SIGIR-96 Workshop on Networked Information Retrieval

August 22, 1996

Overview

The recent and rapid growth of the Internet and corporate intranets poses new problems for Information Retrieval. There is now a need for tools that help people navigate the network, select which collections to search, and fuse the results returned from searching multiple collections. These problems are being addressed by the international IR research community, a number of digital library projects around the world, e.g., the U.S. Digital Libraries projects, the ERCIM Digital Libraries projects, and the German MEDOC project. The goal of this workshop was to bring together people from each of these areas to discuss their varying approaches to common problems. Researchers were invited to submit position papers or extended abstracts discussing novel approaches to the following problems: Twelve papers/abstracts were submitted in response to the call for participation. The program committee selected eight of them for talks in the workshop. Fifty one people registered to attend the workshop.

Talks

Paul Francis, of NTT Japan, gave a talk entitled "A Global, Self-Configuring Information Discovery Infrastructure" . His talk described the Ingrid project, in which a document publisher "announces" the availability of a document to web servers that it knows contain similar documents. A server receiving the announcement may choose to create links from similar documents of its own to the new document. Over time, documents on a given subject become linked to other documents on that subject, making it easier for people to browse the Web.

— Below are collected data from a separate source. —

(* Let $\{R_\alpha:\alpha\in\Phi\}$ be an $R$-matrix. For $v\in W_{\mathrm{aff}}$ and a decomposition $v=s_{i_1}\cdots s_{i_l}$ (reduced or not) into generators $s_0,\dots,s_r$, let $\beta_j=\bar s_{i_1}\cdots\bar s_{i_{j-1}}(\alpha_{i_j})$ for $j=1,\dots,l$. Then the operator $R_{\beta_l}R_{\beta_{l-1}}\cdots R_{\beta_1}$ depends only on $v$, not on the choice of decomposition.
   Context: $\Phi$ is an irreducible root system with simple roots $\alpha_1,\dots,\alpha_r$, coroots $\alpha^\vee=2\alpha/(\alpha,\alpha)$, Weyl group $W$. $W_{\mathrm{aff}}$ is the affine Weyl group generated by the affine reflections $s_{\alpha,k}(\lambda)=\lambda-((\lambda,\alpha^\vee)-k)\alpha$; it is a Coxeter group with generators $s_0=s_{\alpha_0,-1}$ and $s_i=s_{\alpha_i,0}$, $i=1,\dots,r$, where $\alpha_0=-\theta$ and $\theta^\vee$ is the highest coroot. For $v\in W_{\mathrm{aff}}$, $\bar v\in W$ is its linear part ($\bar s_{\alpha,k}=s_\alpha$). A collection of invertible operators $\{R_\alpha:\alpha\in\Phi\}$ on a vector space is an $R$-matrix (satisfies the Yang–Baxter equation) if $R_{-\alpha}=R_\alpha^{-1}$ for all $\alpha$, and for every pair $\alpha,\beta\in\Phi$ with $(\alpha,\beta)\le0$, $$R_\alpha R_{s_\alpha(\beta)}R_{s_\alpha s_\beta(\alpha)}\cdots R_{s_\beta(\alpha)}R_\beta=R_\beta R_{s_\beta(\alpha)}\cdots R_{s_\alpha s_\beta(\alpha)}R_{s_\alpha(\beta)}R_\alpha,$$ where each side has $m$ factors, $2m$ being the order of the dihedral group generated by $s_\alpha,s_\beta$, and the subscripts run over the $m$ roots of the rank-2 subsystem generated by $\alpha,\beta$ that are nonnegative combinations of $\alpha,\beta$, in the order $\alpha,s_\alpha(\beta),s_\alpha s_\beta(\alpha),\dots,s_\beta(\alpha),\beta$. *)

theory Defs
  imports "HOL-Analysis.Analysis"
begin

definition coroot :: "'a::euclidean_space \<Rightarrow> 'a" where
  "coroot \<alpha> = (2 / (\<alpha> \<bullet> \<alpha>)) *\<^sub>R \<alpha>"

definition refl :: "'a::euclidean_space \<Rightarrow> 'a \<Rightarrow> 'a" where
  "refl \<alpha> x = x - (x \<bullet> coroot \<alpha>) *\<^sub>R \<alpha>"

definition aff_refl :: "'a::euclidean_space \<Rightarrow> real \<Rightarrow> 'a \<Rightarrow> 'a" where
  "aff_refl \<alpha> k x = x - ((x \<bullet> coroot \<alpha>) - k) *\<^sub>R \<alpha>"

definition root_system :: "'a::euclidean_space set \<Rightarrow> bool" where
  "root_system \<Phi> \<longleftrightarrow> finite \<Phi> \<and> 0 \<notin> \<Phi> \<and> span \<Phi> = UNIV \<and>
     (\<forall>\<alpha>\<in>\<Phi>. \<forall>\<beta>\<in>\<Phi>. refl \<alpha> \<beta> \<in> \<Phi>) \<and>
     (\<forall>\<alpha>\<in>\<Phi>. \<forall>\<beta>\<in>\<Phi>. \<beta> \<bullet> coroot \<alpha> \<in> \<int>) \<and>
     (\<forall>\<alpha>\<in>\<Phi>. \<forall>c. c *\<^sub>R \<alpha> \<in> \<Phi> \<longrightarrow> c = 1 \<or> c = -1)"

definition irreducible_root_system :: "'a::euclidean_space set \<Rightarrow> bool" where
  "irreducible_root_system \<Phi> \<longleftrightarrow> root_system \<Phi> \<and> \<Phi> \<noteq> {} \<and>
     \<not> (\<exists>A B. A \<noteq> {} \<and> B \<noteq> {} \<and> A \<union> B = \<Phi> \<and> A \<inter> B = {} \<and>
              (\<forall>x\<in>A. \<forall>y\<in>B. x \<bullet> y = 0))"

definition simple_roots :: "'a::euclidean_space set \<Rightarrow> nat \<Rightarrow> (nat \<Rightarrow> 'a) \<Rightarrow> bool" where
  "simple_roots \<Phi> r \<alpha> \<longleftrightarrow> inj_on \<alpha> {1..r} \<and> \<alpha> ` {1..r} \<subseteq> \<Phi> \<and>
     independent (\<alpha> ` {1..r}) \<and>
     (\<forall>\<beta>\<in>\<Phi>. \<exists>c::nat \<Rightarrow> int. \<beta> = (\<Sum>i=1..r. of_int (c i) *\<^sub>R \<alpha> i) \<and>
        ((\<forall>i\<in>{1..r}. c i \<ge> 0) \<or> (\<forall>i\<in>{1..r}. c i \<le> 0)))"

Marc Rittberger, of University of Konstanz, Germany, gave a talk entitled "Information Retrieval in a Regional, Distributed Information Area" . The talk described the Electronic Mall Bodensee, which is a set of Web pages describing shopping, tourist attractions and other commercial activities in the Lake Konstanz area of Europe. The Electronic Mall provides searching capabilities, but the organization and display of results is based on an on-the-fly analysis of hypertext links in retrieved pages. The intent is to better orient the user within this electronic shopping space.

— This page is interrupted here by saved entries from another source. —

(* Let $K\subseteq\mathbb{R}^d$ be a convex body containing the origin, let $\Lambda\subseteq\mathbb{R}^d$ be a lattice, let $V\subseteq\mathbb{R}^d$ be a rational linear subspace with $\dim V=\ell$, and let $i\in\{1,\dots,d\}$. Let $\pi_V$ denote the orthogonal projection of $\mathbb{R}^d$ onto $V$ and $V^\perp$ the orthogonal complement of $V$. Then $$\mu_i(K,\Lambda)\leqslant \max_{\substack{0\le j\le \ell\\ 0\le i-j\le d-\ell}} \Big(\mu_j(\pi_V(K),\pi_V(\Lambda))+\mu_{i-j}(K\cap V^\perp,\Lambda\cap V^\perp)\Big).$$
   Context: A convex body is a full-dimensional compact convex set; a lattice is a full-rank discrete subgroup. A linear subspace $V$ is rational (with respect to $\Lambda$) if it is spanned by vectors of $\Lambda$; then $\pi_V(\Lambda)$ is a lattice in $V$ and $\Lambda\cap V^\perp$ is a lattice in $V^\perp$. For a $k$-dimensional real vector space $W$, a lattice $\Gamma\subseteq W$, a compact convex set $C\subseteq W$ and $i\in\{1,\dots,k\}$, the $i$-th covering minimum is $\mu_i(C,\Gamma)=\min\{\mu\ge 0: (\mu C+\Gamma)\cap U\neq\emptyset \text{ for every affine subspace } U\subseteq W \text{ of dimension } k-i\}$; by convention $\mu_0(C,\Gamma)=0$. The covering minima of $\pi_V(K)$ and $\pi_V(\Lambda)$ are taken inside $V$, and those of $K\cap V^\perp$ and $\Lambda\cap V^\perp$ inside $V^\perp$. *)

theory Defs
  imports "HOL-Analysis.Analysis" "HOL-Library.Extended_Real"
begin

definition convex_body :: "'a::euclidean_space set \<Rightarrow> bool" where
  "convex_body K \<longleftrightarrow> compact K \<and> convex K \<and> interior K \<noteq> {}"

definition lattice_in :: "'a::euclidean_space set \<Rightarrow> 'a set \<Rightarrow> bool" where
  "lattice_in W L \<longleftrightarrow> L \<subseteq> W \<and> 0 \<in> L \<and> (\<forall>x\<in>L. \<forall>y\<in>L. x - y \<in> L)
     \<and> (\<exists>e>0. \<forall>x\<in>L. x \<noteq> 0 \<longrightarrow> e \<le> norm x) \<and> span L = W"

definition lattice :: "'a::euclidean_space set \<Rightarrow> bool" where
  "lattice L \<longleftrightarrow> lattice_in UNIV L"

definition rational_subspace :: "'a::euclidean_space set \<Rightarrow> 'a set \<Rightarrow> bool" where
  "rational_subspace L V \<longleftrightarrow> subspace V \<and> (\<exists>S\<subseteq>L. span S = V)"

definition orth_proj :: "'a::euclidean_space set \<Rightarrow> 'a \<Rightarrow> 'a" where
  "orth_proj V x = (THE y. y \<in> V \<and> (\<forall>v\<in>V. inner (x - y) v = 0))"

text \<open>Value in extended reals; the infimum of
  the empty set is \<infinity>.\<close>
definition covering_minimum :: "'a::euclidean_space set \<Rightarrow> 'a set \<Rightarrow> 'a set \<Rightarrow> nat \<Rightarrow> ereal" where
  "covering_minimum W C \<Gamma> i =
     (if i = 0 then 0 else
      Inf {ereal \<mu> | \<mu>. \<mu> \<ge> 0 \<and>
            (\<forall>U. affine U \<and> U \<noteq> {} \<and> U \<subseteq> W \<and> aff_dim U = int (dim W) - int i \<longrightarrow>
                 {\<mu> *\<^sub>R c + g | c g. c \<in> C \<and> g \<in> \<Gamma>} \<inter> U \<noteq> {})})"

end

theory Submission
  imports Defs
begin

Charles Nicolas, of the University of Maryland, USA, gave a talk about "Resource Selection in CAFE: An Architecture for Networked Information Retrieval" . CAFE is a large-scale information retrieval and filtering system, intended to handle more than a terabyte of data per day, in multiple languages. It is based on a set of processes that perform filtering and/or retrieval, and a broker process that directs arriving queries and/or documents to the appropriate agent. The architecture has been demonstrated on a small-scale. It is now being scaled to large volumes of data.

Daan Velthausz, of the Telematics Research Centre, Netherlands, gave a talk on "Multimedia Information Disclosure in a Distributed Environment" . The talk described the ADMIRE project, which is intended to provide resource selection in a multimedia environment. ADMIRE will handle both content-based and attribute-based retrieval. The architecture enables a hierarchical organization of attributes and content, which raises a number of difficult questions about how to combine evidence for retrieval.

Norbert Fuhr, of the University of Dortmund, Germany, gave a talk about "Optimum Database Selection in Networked IR" . The talk described a decision-theoretic model of networked information retrieval that is based on a probabilistic model. The model uses a location broker to direct queries to the appropriate text database and to merge (fuse) the results returned from different databases. It can be shown that the model minimizes search costs. However, the model requires information that is rarely available in practice. The research challenge is to develop an approximation that behaves similarly with less information.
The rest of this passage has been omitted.